Dig Night
ちょっと良すぎてわかんない

個人的な思想と合致しすぎて全然正当な評価ができず、なにをどう書いたらいいのか全然わからない。そもそも正当な評価なんてこれまでもする気あったのか?
第一印象悪くて話下手で、ぎりぎり社会の端っこにぶら下がってる友人が、そんな状態でも自分のことを気にかけて話しかけてくれているような、そんなゲームだった。
なので、まず序盤の印象から言うと、正直ろくなことが無い。
誰かの病的な妄想が現実を侵食する「肉体分裂症」なるものが当たり前のものになった世界。曖昧で不穏な見た目の(完全にチンポじゃん!ってのもいるけど)、妄想の具現化である「ゴースト」が夜の街を跋扈している。サイコロジカルホラーのベタみたいな設定だがパロディのような雰囲気もない。戦闘バランスもめちゃくちゃ。雑魚敵やボスも、なんの前触れもなく即死級の攻撃を打ってくる。属性による三すくみ要素もあるが、属性操作できるアイテムは序盤では金がなく満足に使えない。ゲーセンやバイトのどうでもいいミニゲームの繰り返しで金を稼ぐしかない。ダンジョン内の謎解きも本当に十年前のRPGツクール製のゲームからそのままやってきたような代物。
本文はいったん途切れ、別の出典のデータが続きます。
(* Let $d\nu$ be a bounded non-negative measure on the unit circle $\mathbb{T}$ with covariance sequence $\mathbf{c}=(c_0,c_1,\dots)$, $c_k=\frac{1}{2\pi}\int_{-\pi}^{\pi}e^{-ik\theta}d\nu(\theta)$, and let $\delta$ be a weakly continuous metric on the set $\mathfrak{M}$ of bounded non-negative measures on $\mathbb{T}$. Then $\rho_\delta(\mathcal{F}_{\mathbf{c}_{0:n}})\to0$ as $n\to\infty$.
   Context: For $\mathbf{c}_{0:n}=(c_0,\dots,c_n)$, $\mathcal{F}_{\mathbf{c}_{0:n}}=\{d\mu\in\mathfrak{M}: \frac{1}{2\pi}\int_{-\pi}^{\pi}e^{-ik\theta}d\mu(\theta)=c_k,\ k=0,\dots,n\}$. The diameter of $\mathcal{F}\subset\mathfrak{M}$ is $\rho_\delta(\mathcal{F})=\sup\{\delta(d\mu_0,d\mu_1):d\mu_0,d\mu_1\in\mathcal{F}\}$. The weak topology on $\mathfrak{M}$: $d\mu_k\to d\mu$ iff $\int f d\mu_k\to\int f d\mu$ for all real continuous $f$ on $\mathbb{T}$; $\delta$ is weakly continuous if it is continuous on $\mathfrak{M}\times\mathfrak{M}$ for the weak topology. (A sequence $\mathbf{c}$ is called non-negative if all Toeplitz matrices $T_n=[c_{k-\ell}]_{k,\ell=0}^n$, with $c_{-k}=\bar c_k$, are positive semidefinite; these are exactly the covariance sequences of such measures.) *)

theory Defs
  imports "HOL-Analysis.Analysis" "HOL-Library.Extended_Real"
begin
それでも、リカルドや深夜の町の住人たちの、息継ぎを感じるリアルなテンポのセリフにどうしようもなく人間を感じる。このゲームの魅力がそこに残っているような気がして縋るような思いでプレイし続けた。
3日目が終わるまではそんな印象だった。正直やってて悪い意味でずっと不安だった。
4日目になると、これまでのルーティンから外れ、レオナルドの肉体分裂症が悪化した影響で侵食された自分の家を探索する。ここでリカルドの正体やレオナルドが抱えていた問題についてはっきりと提示される。
正直、レオナルドが抱えていた具体的な問題についてはどうでも良かった。それよりも発生した症状との向き合い方が具体的で共感するところが多かった。そしてこの向き合い方を擬人化した存在が「リカルド」としてずっと描かれていたのかと、勝手に思い込んでいる。
3日目までの「病体」たちもそれぞれ家族、職場、プライベートで問題を抱えていて、レオナルドと共通する部分も多い。RPGのダンジョンとして表現された彼らの妄想に、リカルドあるいはプレイヤーは、渋い顔しながら無視せず向き合って、仕事だからと力ずくで病院へと連れていく。現実を否定して怒り続けるアリス、全てをあきらめ一人の世界にこもるジョン、神のような存在に救いを求めたクレマン。客観的にレオナルドの状況を見たようなリカルドはクレマンに対して共感するような笑みを見せる。
ノアに対して無責任にも悪態をつくリカルドは、こんな思いをしなくたって普通に生きていけてる人間がいくらでもいるのに、なんで自分だけ気を使ってなくちゃいけないのか、という自助のバカらしさに対する反動かもしれない。社会的な役割から逃れられないレオナルドではありえない行動だろう。
「無責任」な人格を作り出して自身の疾患や社会と向き合うという一見おかしいアプローチが、リカルドの奇妙な魅力によって不思議と有効な方法に見えてくる。こうしたアプローチに画一的な正解はないが、それぞれ合った手法があるはずと背中を押してくれているようだった。精神疾患をテーマにしたゲームで、快方イメージにまで触れているゲームは、自分の管見だけど珍しい気がする。こういうゲームがもっと増えたらうれしい。
色々とめどがついた後、朝の街並みを歩いているときの雰囲気が特に好きだった。ラスボスを倒して平和になった後の世界を歩いているみたいだけど、実際に変わったのは時刻だけ。これまで夜の姿しか見ずに勝手にさびれた街に見えていたプレイヤーに対して「いや、お前が勝手にくたびれてただけで、全然みんな息してたんだよ」と言われているようだった。
はっきり言われたらイラっとすることを、暗示的に、かつちょっとのユーモアを添えて指摘してくれている感じ。自分には過ぎた友達に気にかけてもらって、背筋が伸びる思いだった。
- もっと書きたいことがある気もするけど、まだあまり考えがまとまってない。後から書き足すかも。